▸ **Exercise objective**: State how many lines in the entries below contain "lambda". Write nothing but the number.

►

lemma partial_orthonormalization_exists:
  assumes "inj_on r I"
  shows "\<exists>T. partial_orthonormalization r n T"
proof (induction n)
  case 0
  show ?case
    by (simp add: partial_orthonormalization_def)
next
  case (Suc n)
  thus ?case
    using partial_orthonormalization_Suc[OF assms] by blast
qed

theorem triangular_orthonormalization:
  assumes "inj_on r I"
  obtains T where "\<And>k. k \<in> I \<Longrightarrow> admissible_column r T k"
    and "\<And>k l. k \<in> I \<Longrightarrow> l \<in> I \<Longrightarrow>
           herm_form I G (\<lambda>m. T m l) (\<lambda>m. T m k) = (if l = k then 1 else 0)"
proof -
  obtain T where T: "partial_orthonormalization r (Suc (Max (r ` I))) T"
    using partial_orthonormalization_exists[OF assms] by blast
  have "r k < Suc (Max (r ` I))" if "k \<in> I" for k
    using finite_I that by (simp add: le_imp_less_Suc)
  thus ?thesis
    using T that unfolding partial_orthonormalization_def by blast
qed

lemma admissible_column_correction_le:
  assumes "admissible_column r T k" "k \<in> I"
  shows "cmod ((\<Sum>m\<in>I. W m * T m k) - W k)
    \<le> 2 * \<epsilon> k k * cmod (W k) + (\<Sum>m\<in>{m\<in>I. r m < r k}. 4 * \<epsilon> m k * cmod (W m))"
proof -
  let ?L = "{m\<in>I. r m < r k}"
  have L: "?L \<subseteq> I - {k}"
    by auto
  have "(\<Sum>m\<in>I. W m * T m k) = W k * T k k + (\<Sum>m\<in>I - {k}. W m * T m k)"
    using sum.remove[OF finite_I assms(2)] by simp
  also have "(\<Sum>m\<in>I - {k}. W m * T m k) = (\<Sum>m\<in>?L. W m * T m k)"
    using assms(1) finite_I L by (intro sum.mono_neutral_right) (auto simp: admissible_column_def)
  finally have "(\<Sum>m\<in>I. W m * T m k) - W k = W k * (T k k - 1) + (\<Sum>m\<in>?L. W m * T m k)"
    by (simp add: algebra_simps)
  hence "cmod ((\<Sum>m\<in>I. W m * T m k) - W k) \<le> cmod (W k * (T k k - 1)) + cmod (\<Sum>m\<in>?L. W m * T m k)"
    by (simp only: norm_triangle_ineq)
  also have "\<dots> \<le> cmod (W k) * cmod (T k k - 1) + (\<Sum>m\<in>?L. cmod (W m) * cmod (T m k))"
    unfolding norm_mult[symmetric] by (intro add_mono order_refl norm_sum)
  also have "\<dots> \<le> cmod (W k) * (2 * \<epsilon> k k) + (\<Sum>m\<in>?L. cmod (W m) * (4 * \<epsilon> m k))"
    using assms(1) by (intro add_mono mult_left_mono sum_mono) (auto simp: admissible_column_def)
  finally show ?thesis
    by (simp add: mult_ac)
qed

end

section \<open>Square unitary matrices\<close>

lemma orthonormal_columns_imp_orthonormal_rows:
  fixes U :: "'a \<Rightarrow> 'a \<Rightarrow> complex"
  assumes "finite I"
    and cols: "\<And>k l. k \<in> I \<Longrightarrow> l \<in> I \<Longrightarrow> (\<Sum>j\<in>I. cnj (U j l) * U j k) = (if l = k then 1 else 0)"
    and "j \<in> I" "l \<in> I"
  shows "(\<Sum>k\<in>I. U j k * cnj (U l k)) = (if j = l then 1 else 0)"
proof -
  define n where "n = card I"
  obtain h where h: "bij_betw h {0..<n} I"
    using ex_bij_betw_nat_finite[OF assms(1)] by (auto simp: n_def)
  have h_eq_iff: "h i = h i' \<longleftrightarrow> i = i'" if "i < n" "i' < n" for i i'
    using bij_betw_imp_inj_on[OF h] that by (auto simp: inj_on_eq_iff)
  have h_in: "h i \<in> I" if "i < n" for i
    using bij_betw_apply[OF h] that by simp
  have reindex: "(\<Sum>t<n. f (h t)) = (\<Sum>x\<in>I. f x)" for f :: "'a \<Rightarrow> complex"
    using sum.reindex_bij_betw[OF h, of f] by (simp add: atLeast0LessThan)
  define A where "A = mat n n (\<lambda>(i, i'). cnj (U (h i') (h i)))"
  define B where "B = mat n n (\<lambda>(i, i'). U (h i) (h i'))"
  have A: "A \<in> carrier_mat n n" and B: "B \<in> carrier_mat n n"
    by (simp_all add: A_def B_def)
  have "A * B = 1\<^sub>m n"
  proof (rule eq_matI)
    fix i i' assume "i < dim_row (1\<^sub>m n)" "i' < dim_col (1\<^sub>m n)"
    hence i: "i < n" "i' < n"
      by simp_all
    have "(A * B) $$ (i, i') = (\<Sum>t<n. cnj (U (h t) (h i)) * U (h t) (h i'))"
      using i by (simp add: A_def B_def scalar_prod_def atLeast0LessThan)
    also have "\<dots> = (\<Sum>x\<in>I. cnj (U x (h i)) * U x (h i'))"
      by (rule reindex)
    also have "\<dots> = 1\<^sub>m n $$ (i, i')"
      using i cols[OF h_in h_in] h_eq_iff by simp
    finally show "(A * B) $$ (i, i') = 1\<^sub>m n $$ (i, i')" .
  qed (use A B in auto)
  hence BA: "B * A = 1\<^sub>m n"
    by (rule mat_mult_left_right_inverse[OF A B])
  have "j \<in> h ` {0..<n}" "l \<in> h ` {0..<n}"
    using h assms(3,4) by (simp_all add: bij_betw_def)
  then obtain i i' where i: "i < n" "j = h i" "i' < n" "l = h i'"
    by auto
  have "(\<Sum>k\<in>I. U j k * cnj (U l k)) = (\<Sum>t<n. U j (h t) * cnj (U l (h t)))"
    by (rule reindex[symmetric])
  also have "\<dots> = (B * A) $$ (i, i')"
    using i by (simp add: A_def B_def scalar_prod_def atLeast0LessThan)
  also have "\<dots> = (if j = l then 1 else 0)"
    using i h_eq_iff by (simp add: BA)
  finally show ?thesis .
qed

lemma unitary_onI:
  assumes "finite I"
    and "\<And>k l. k \<in> I \<Longrightarrow> l \<in> I \<Longrightarrow> (\<Sum>j\<in>I. cnj (U j l) * U j k) = (if l = k then 1 else 0)"
  shows "unitary_on I U"
  using assms orthonormal_columns_imp_orthonormal_rows[OF assms] by (simp add: unitary_on_def)
lemma finite_card_pareto_faces:
  assumes "\<forall>i<n. \<forall>j<m. v i j < 0"
  shows "finite (pareto_faces n m v) \<and> card (pareto_faces n m v) \<le> (2*m+1) ^ (n*(n-1) div 2)"
proof -
  let ?T = "{\<tau>. \<forall>i<n. \<tau> i > 0}" and ?P = "(SIGMA c:{..<n}. {..<c}) \<rightarrow>\<^sub>E {..2*m}"
  have faces: "pareto_faces n m v = face n (util_set n m v) ` ?T"
    unfolding pareto_faces_def by blast
  have sub: "pair_ranks n m v ` ?T \<subseteq> ?P" using pair_ranks_in_PiE by blast
  have fin: "finite ?P" by (simp add: finite_PiE)
  have "finite (pareto_faces n m v) \<and> card (pareto_faces n m v) \<le> card (pair_ranks n m v ` ?T)"
    unfolding faces
  proof (rule finite_card_image_le_if_factors)
    show "finite (pair_ranks n m v ` ?T)" using finite_subset[OF sub fin] .
  next
    fix \<tau> \<tau>' assume "\<tau> \<in> ?T" "\<tau>' \<in> ?T" "pair_ranks n m v \<tau> = pair_ranks n m v \<tau>'"
    then show "face n (util_set n m v) \<tau> = face n (util_set n m v) \<tau>'"
      using face_eq_if_pair_ranks_eq[OF assms] by blast
  qed
  moreover have "card (pair_ranks n m v ` ?T) \<le> card ?P" using card_mono[OF fin sub] .
  ultimately show ?thesis using card_pair_ranks_space by simp
qed

lemma sum_neg_mult_nonneg_less_0:
  fixes q x :: "nat \<Rightarrow> real"
  assumes "\<forall>j<m. q j < 0" "\<forall>j<m. x j \<ge> 0" "j0 < m" "x j0 \<noteq> 0"
  shows "(\<Sum>j<m. q j * x j) < 0"
proof -
  have "0 < (\<Sum>j<m. - (q j * x j))"
  proof (rule sum_pos2[of _ j0])
    show "0 < - (q j0 * x j0)" using assms by (simp add: mult_neg_pos order_le_neq_trans)
  qed (use assms in \<open>auto simp: mult_nonpos_nonneg less_imp_le\<close>)
  then show ?thesis by (simp add: sum_negf)
qed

◄

▸ **Written reply**: 3